Pero se dice que la esperanza es lo último que se pierde, y así era. A pesar de todo, él pensaba que recapacitarían, que volverían a ser lo que eran, a revivir épocas gloriosas. Pero no fue así. ¿Era entonces la vida que le habían insuflado tanto tiempo atrás un regalo o era una condena? En ese momento había parecido un acto de generosidad inimaginable, pero solo había sido porque les necesitaban, porque tenían que usarlos para progresar. Solamente para eso y nada más. Estaba, por tanto, atado a aquella existencia para siempre.
—Pero hay algo que no entiendo. —dije interrumpiendo por primera vez su relato.
—Di —respondió sin inmutarse.
—¿Quién eres? —pregunté, sintiendo que todas aquellas emociones y pensamientos que había estado encerrando y reteniendo desde que él había empezado a narrar se liberaban y salían en tropel.
—Bueno, pensé que eso había quedado más que claro. Si te he dicho que fui de los primeros, te he dicho quienes son mis hermanos, te he contado mi historia… Creo que esa pregunta la debes responder tú y únicamente tú, pues solo entonces comprenderás la magnitud de mi narrativa y el dilema en el cual te he puesto.
—Es que solo una opción tiene sentido después de todo, pero es imposible. Es materialmente imposible. —dije sacudiendo la cabeza.
—Dilo. —animó él, sabiendo que por una vez en mi vida tenía algo claro y cristalino en mi mente.
—Eres el número 1. —solté.
Y al hacerlo, de repente todo encajó en mi mente.
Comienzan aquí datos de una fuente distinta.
(* Let $n\ge3$ and let $I=\{1,\dots,n-1\}$ label the path diagram $A_{n-1}$ (vertices $i$ and $i+1$ adjacent). Then $\mathrm{SO}(n)$, together with the homomorphisms $\tau_{i,i+1}:=\varepsilon_{\{i,i+1,i+2\}}:\mathrm{SO}(3)\to\mathrm{SO}(n)$ and, for $i<j$ with $j\neq i+1$, $\tau_{ij}:\mathrm{SO}(2)\times\mathrm{SO}(2)\to\mathrm{SO}(n)$, $(x,y)\mapsto\varepsilon_{\{i,i+1\}}(x)\,\varepsilon_{\{j,j+1\}}(y)$, is a universal enveloping group of the standard $\mathrm{SO}(2)$-amalgam $\mathcal A(A_{n-1},\mathrm{SO}(2))$.
   Context: For $L=\{l_1<\dots<l_m\}\subseteq\{1,\dots,n\}$, $\varepsilon_L:\mathrm{SO}(m)\to\mathrm{SO}(n)$ is the canonical embedding letting an $m\times m$ matrix act on the coordinates in $L$ (and trivially on the others). The standard $\mathrm{SO}(2)$-amalgam $\mathcal A(A_{n-1},\mathrm{SO}(2))$ consists of groups $G_{ij}$ ($i\ne j\in I$) with $G_{i,i+1}=\mathrm{SO}(3)$, connecting maps $\phi^i_{i,i+1}=\varepsilon_{\{1,2\}}$, $\phi^{i+1}_{i,i+1}=\varepsilon_{\{2,3\}}$ (upper-left and lower-right $2\times2$ blocks), and, for $|i-j|\ge2$, $i<j$, $G_{ij}=\mathrm{SO}(2)\times\mathrm{SO}(2)$ with $\phi^i_{ij}(x)=(x,1)$, $\phi^j_{ij}(x)=(1,x)$. An enveloping group of an amalgam $\{G_{ij},\phi^i_{ij}\}$ is a group $G$ with homomorphisms $\tau_{ij}:G_{ij}\to G$ whose images generate $G$ and with $\tau_{ij}\circ\phi^j_{ij}=\tau_{kj}\circ\phi^j_{kj}$ for pairwise distinct $i,j,k$; it is universal if every other enveloping group $(H,\tau')$ receives a unique epimorphism $p:G\to H$ with $p\circ\tau_{ij}=\tau'_{ij}$. *)

theory Defs
  imports "Jordan_Normal_Form.Determinant" "HOL-Algebra.Generated_Groups"
begin

text \<open>Matrices are JNF matrices (0-based entries). The coordinates of R^n are
labelled 1..n as in the paper; row/column index i of a JNF matrix corresponds to
coordinate i+1.\<close>

definition SO_set :: "nat \<Rightarrow> real mat set" where
  "SO_set m = {A \<in> carrier_mat m m. A * transpose_mat A = 1\<^sub>m m \<and> det A = 1}"

definition SO_grp :: "nat \<Rightarrow> real mat monoid" where
  "SO_grp m = \<lparr>carrier = SO_set m, mult = (*), one = 1\<^sub>m m\<rparr>"

text \<open>Canonical embedding eps_L : SO(card L) -> SO(n), L a subset of {1..n}:
the entry (l_a, l_b) of the result is A(a,b), where l_1 < ... < l_m enumerate L;
all other entries are those of the identity.  The 0-based position of l in L is
card {l' in L. l' < l}.\<close>

definition eps :: "nat \<Rightarrow> nat set \<Rightarrow> real mat \<Rightarrow> real mat" where
  "eps n L A = mat n n (\<lambda>(i, j).
     if Suc i \<in> L \<and> Suc j \<in> L
     then A $$ (card {l \<in> L. l < Suc i}, card {l \<in> L. l < Suc j})
     else if i = j then 1 else 0)"

abbreviation G_adj :: "real mat monoid" where "G_adj \<equiv> SO_grp 3"
abbreviation G_far :: "(real mat \<times> real mat) monoid" where
  "G_far \<equiv> SO_grp 2 \<times>\<times> SO_grp 2"

definition phi_adj_lo :: "real mat \<Rightarrow> real mat" where "phi_adj_lo x = eps 3 {1,2} x"
definition phi_adj_hi :: "real mat \<Rightarrow> real mat" where "phi_adj_hi x = eps 3 {2,3} x"
definition phi_far_lo :: "real mat \<Rightarrow> real mat \<times> real mat" where "phi_far_lo x = (x, 1\<^sub>m 2)"
definition phi_far_hi :: "real mat \<Rightarrow> real mat \<times> real mat" where "phi_far_hi x = (1\<^sub>m 2, x)"

text \<open>A family of maps out of the amalgam into a group is given by
tA i : G_{i,i+1} -> H (1 <= i <= n-2) and tF i j : G_{ij} -> H (i < j, j >= i+2).
vmap tA tF i j is tau_{ij} o phi^j_{ij} : G_j = SO(2) -> H, for i \<noteq> j.\<close>

definition vmap :: "(nat \<Rightarrow> real mat \<Rightarrow> 'h) \<Rightarrow> (nat \<Rightarrow> nat \<Rightarrow> real mat \<times> real mat \<Rightarrow> 'h)
    \<Rightarrow> nat \<Rightarrow> nat \<Rightarrow> real mat \<Rightarrow> 'h" where
  "vmap tA tF i j x =
     (if j = i + 1 then tA i (phi_adj_hi x)
      else if i = j + 1 then tA j (phi_adj_lo x)
      else if i < j then tF i j (phi_far_hi x)
      else tF j i (phi_far_lo x))"

definition adj_pair :: "nat \<Rightarrow> nat \<Rightarrow> bool" where
  "adj_pair n i = (1 \<le> i \<and> i + 1 \<le> n - 1)"

definition far_pair :: "nat \<Rightarrow> nat \<Rightarrow> nat \<Rightarrow> bool" where
  "far_pair n i j = (1 \<le> i \<and> i + 2 \<le> j \<and> j \<le> n - 1)"

definition enveloping :: "nat \<Rightarrow> ('h, 'z) monoid_scheme \<Rightarrow> (nat \<Rightarrow> real mat \<Rightarrow> 'h)
    \<Rightarrow> (nat \<Rightarrow> nat \<Rightarrow> real mat \<times> real mat \<Rightarrow> 'h) \<Rightarrow> bool" where
  "enveloping n H tA tF \<longleftrightarrow>
     group H \<and>
     (\<forall>i. adj_pair n i \<longrightarrow> tA i \<in> hom G_adj H) \<and>
     (\<forall>i j. far_pair n i j \<longrightarrow> tF i j \<in> hom G_far H) \<and>
     generate H ((\<Union>i\<in>{i. adj_pair n i}. tA i ` carrier G_adj) \<union>
                 (\<Union>(i,j)\<in>{(i,j). far_pair n i j}. tF i j ` carrier G_far)) = carrier H \<and>
     (\<forall>i\<in>{1..n-1}. \<forall>j\<in>{1..n-1}. \<forall>k\<in>{1..n-1}. i \<noteq> j \<and> j \<noteq> k \<and> i \<noteq> k \<longrightarrow>
        (\<forall>x\<in>carrier (SO_grp 2). vmap tA tF i j x = vmap tA tF k j x))"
Era como si la historia hubiese pasado a mi mente, como si la comprendiera como parte de mi ser. Era una pieza dentro de mí. Una que estaba seguro que no se desengancharía jamás, por mucho tiempo que pasase o por muchas penurias que se interpusiesen en mi camino. Eso seguiría ahí por siempre. Igual que él viviría por siempre.